> _The task_: If a line in the records below contains the word "assms", copy it.

Collected data:
◆ ◆ ◆
text \<open>Arithmetic behind the stepsize \<open>\<gamma> = D / (s r)\<close>: it balances the two terms of the
  recursion bound, each of which is \<open>O(D s r)\<close>.\<close>

lemma stepsize_tradeoff:
  fixes D s r \<gamma> A :: real
  assumes "0 < D" "0 < s" "0 < r" "\<gamma> = D / (s * r)" "A \<le> D\<^sup>2"
  shows "(A + r\<^sup>2 * (\<gamma>\<^sup>2 * (s\<^sup>2 / 2))) / (2 * \<gamma>) \<le> D * s * r"
proof -
  have "r\<^sup>2 * (\<gamma>\<^sup>2 * (s\<^sup>2 / 2)) = D\<^sup>2 / 2"
    using assms by (simp add: power_divide power_mult_distrib)
  then have "(A + r\<^sup>2 * (\<gamma>\<^sup>2 * (s\<^sup>2 / 2))) / (2 * \<gamma>) \<le> (3 / 2 * D\<^sup>2) / (2 * \<gamma>)"
    using assms by (intro divide_right_mono) auto
  also have "\<dots> = 3 / 4 * (D * s * r)"
    using assms(1-3) unfolding assms(4) by (simp add: field_simps power2_eq_square)
  also have "\<dots> \<le> D * s * r"
    using assms by simp
  finally show ?thesis .
qed

text \<open>Arithmetic of the final bound for the AM-GM weight \<open>c = r M1\<close>, where \<open>r = \<surd>N\<close>.\<close>

lemma final_bound_arith:
  fixes M1 r D s :: real
  assumes "0 < M1" "0 < r"
  shows "M1\<^sup>2 / (2 * (r * M1)) + r * M1 / (2 * r\<^sup>2) + D * s * r / r\<^sup>2 = (M1 + D * s) / r"
  using assms by (simp add: field_simps power2_eq_square)

lemma norm_diff_le_SUP:
  fixes X :: "'a::real_normed_vector set"
  assumes "bounded X" "x \<in> X"
  shows "norm (x - a) \<le> (SUP y\<in>X. norm (y - a))"
proof -
  have "bounded ((\<lambda>y. y - a) ` X)"
    using bounded_translation[OF assms(1), of "- a"] by simp
  then have "bdd_above ((\<lambda>y. norm (y - a)) ` X)"
    by (simp add: bdd_above_norm[symmetric] image_image)
  with assms(2) show ?thesis by (rule cSUP_upper)
qed

lemma rsa_in:
  assumes "closed X" "X \<noteq> {}" "x1 \<in> X"
  shows "rsa X G gam x1 z k \<in> X"
  by (cases k) (auto simp: assms closest_point_in_set)

lemma rsa_local:
  assumes "\<And>t. t \<le> k \<Longrightarrow> z t = z' t"
  shows "rsa X G gam x1 z k = rsa X G gam x1 z' k"
  using assms by (induction k) auto

lemma rsa_measurable:
  fixes G :: "'a::euclidean_space \<Rightarrow> 'b \<Rightarrow> 'a"
  assumes G_meas: "(\<lambda>(x, s). G x s) \<in> borel_measurable (borel \<Otimes>\<^sub>M P)"
    and X: "convex X" "closed X" "X \<noteq> {}" and "k < n"
  shows "(\<lambda>y. rsa X G gam x1 y k) \<in> borel_measurable (PiM {..<n} (\<lambda>_. P))"
  using \<open>k < n\<close>
proof (induction k)
  case 0
  then show ?case by simp
next
  case (Suc k)
  then have "(\<lambda>y. (rsa X G gam x1 y k, y (Suc k))) \<in> measurable (PiM {..<n} (\<lambda>_. P)) (borel \<Otimes>\<^sub>M P)"
    by (intro measurable_Pair measurable_component_singleton) auto
  from measurable_compose[OF this G_meas] Suc
  have "(\<lambda>y. rsa X G gam x1 y k - gam *\<^sub>R G (rsa X G gam x1 y k) (y (Suc k)))
      \<in> borel_measurable (PiM {..<n} (\<lambda>_. P))"
    by simp
  then show ?case
    using borel_measurable_continuous_onI[OF continuous_on_closest_point[OF X]] by simp
qed

locale iid_samples =
  M: prob_space M + P: prob_space P
  for M :: "'m measure" and P :: "'b measure" +
  fixes \<xi> :: "nat \<Rightarrow> 'm \<Rightarrow> 'b"
  assumes xi_rv: "\<And>t. \<xi> t \<in> measurable M P"
    and xi_distr: "\<And>t. distr M P (\<xi> t) = P"
    and xi_indep: "M.indep_vars (\<lambda>_. P) \<xi> UNIV"
begin

abbreviation hist_space :: "nat \<Rightarrow> (nat \<Rightarrow> 'b) measure" where
  "hist_space n \<equiv> PiM {..<n} (\<lambda>_. P)"

definition hist :: "nat \<Rightarrow> 'm \<Rightarrow> nat \<Rightarrow> 'b" where
  "hist n \<omega> = restrict (\<lambda>i. \<xi> i \<omega>) {..<n}"

lemma hist_apply: "t < n \<Longrightarrow> hist n \<omega> t = \<xi> t \<omega>"
  by (simp add: hist_def)

lemma hist_measurable: "hist n \<in> measurable M (hist_space n)"
  unfolding hist_def by (intro measurable_restrict) (simp add: xi_rv)

text \<open>Conditioning on the history: since \<open>\<xi> n\<close> is independent of \<open>hist n\<close> and has law \<open>P\<close>,
  integrating a function of \<open>(hist n, \<xi> n)\<close> amounts to first integrating out the fresh
  sample against \<open>P\<close> (Tonelli for the product of the two independent laws).\<close>

lemma nn_integral_fresh_sample:
  assumes h: "h \<in> borel_measurable (hist_space n \<Otimes>\<^sub>M P)"
  shows "(\<integral>\<^sup>+\<omega>. h (hist n \<omega>, \<xi> n \<omega>) \<partial>M) = (\<integral>\<^sup>+\<omega>. (\<integral>\<^sup>+s. h (hist n \<omega>, s) \<partial>P) \<partial>M)"
proof -
  let ?R = "PiM {n} (\<lambda>_. P)"
  let ?Z = "\<lambda>\<omega>. restrict (\<lambda>i. \<xi> i \<omega>) {n}"
  let ?H = "distr M (hist_space n) (hist n)" and ?F = "distr M ?R ?Z"
  interpret F: prob_space ?F
    by (rule M.prob_space_distr) (intro measurable_restrict xi_rv)
  have mZ: "?Z \<in> measurable M ?R" by (intro measurable_restrict xi_rv)
  have mn: "(\<lambda>z. z n) \<in> measurable ?R P" by (rule measurable_component_singleton) simp
  have "M.indep_var (hist_space n) (hist n) ?R ?Z"
    unfolding hist_def by (rule M.indep_var_restrict[OF xi_indep]) auto
  then have joint: "?H \<Otimes>\<^sub>M ?F = distr M (hist_space n \<Otimes>\<^sub>M ?R) (\<lambda>\<omega>. (hist n \<omega>, ?Z \<omega>))"
    unfolding M.indep_var_distribution_eq by blast
  have hn: "(\<lambda>w. h (fst w, snd w n)) \<in> borel_measurable (hist_space n \<Otimes>\<^sub>M ?R)"
    by (rule measurable_compose[OF _ h]) (auto intro!: measurable_Pair measurable_compose[OF measurable_snd mn])
  have hn': "(\<lambda>w. h (fst w, snd w n)) \<in> borel_measurable (?H \<Otimes>\<^sub>M ?F)"
    using hn measurable_cong_sets[OF sets_pair_measure_cong[OF sets_distr sets_distr] refl] by blast
  have fresh: "(\<integral>\<^sup>+z. h (y, z n) \<partial>?F) = (\<integral>\<^sup>+s. h (y, s) \<partial>P)" if y: "y \<in> space (hist_space n)" for y
  proof -
    have "distr ?F P (\<lambda>z. z n) = distr M P (\<xi> n)"
      using distr_distr[OF mn mZ] by (simp add: o_def)
    then have "(\<integral>\<^sup>+s. h (y, s) \<partial>P) = (\<integral>\<^sup>+s. h (y, s) \<partial>distr ?F P (\<lambda>z. z n))"
      by (simp add: xi_distr)
    also have "\<dots> = (\<integral>\<^sup>+z. h (y, z n) \<partial>?F)"
      by (rule nn_integral_distr) (use mn measurable_Pair2[OF h y] in auto)
    finally show ?thesis by simp
  qed
  have "(\<integral>\<^sup>+\<omega>. h (hist n \<omega>, \<xi> n \<omega>) \<partial>M)
      = (\<integral>\<^sup>+w. h (fst w, snd w n) \<partial>distr M (hist_space n \<Otimes>\<^sub>M ?R) (\<lambda>\<omega>. (hist n \<omega>, ?Z \<omega>)))"
    by (subst nn_integral_distr) (auto intro!: measurable_Pair hist_measurable mZ hn)
  also have "\<dots> = (\<integral>\<^sup>+y. (\<integral>\<^sup>+z. h (y, z n) \<partial>?F) \<partial>?H)"
    unfolding joint[symmetric] by (subst F.nn_integral_fst[OF hn', symmetric]) simp
  also have "\<dots> = (\<integral>\<^sup>+y. (\<integral>\<^sup>+s. h (y, s) \<partial>P) \<partial>?H)"
    by (rule nn_integral_cong) (simp add: fresh)
  also have "\<dots> = (\<integral>\<^sup>+\<omega>. (\<integral>\<^sup>+s. h (hist n \<omega>, s) \<partial>P) \<partial>M)"
    using P.borel_measurable_nn_integral_fst[OF h] by (subst nn_integral_distr) (auto intro: hist_measurable)
  finally show ?thesis .
qed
◆ ◆ ◆
> _Answer section_:
    using assms by (simp add: power_divide power_mult_distrib)
    using assms by (intro divide_right_mono) auto
    using assms(1-3) unfolding assms(4) by (simp add: field_simps power2_eq_square)
    using assms by simp
  using assms by (simp add: field_simps power2_eq_square)
    using bounded_translation[OF assms(1), of "- a"] by simp
  with assms(2) show ?thesis by (rule cSUP_upper)
  by (cases k) (auto simp: assms closest_point_in_set)
  using assms by (induction k) auto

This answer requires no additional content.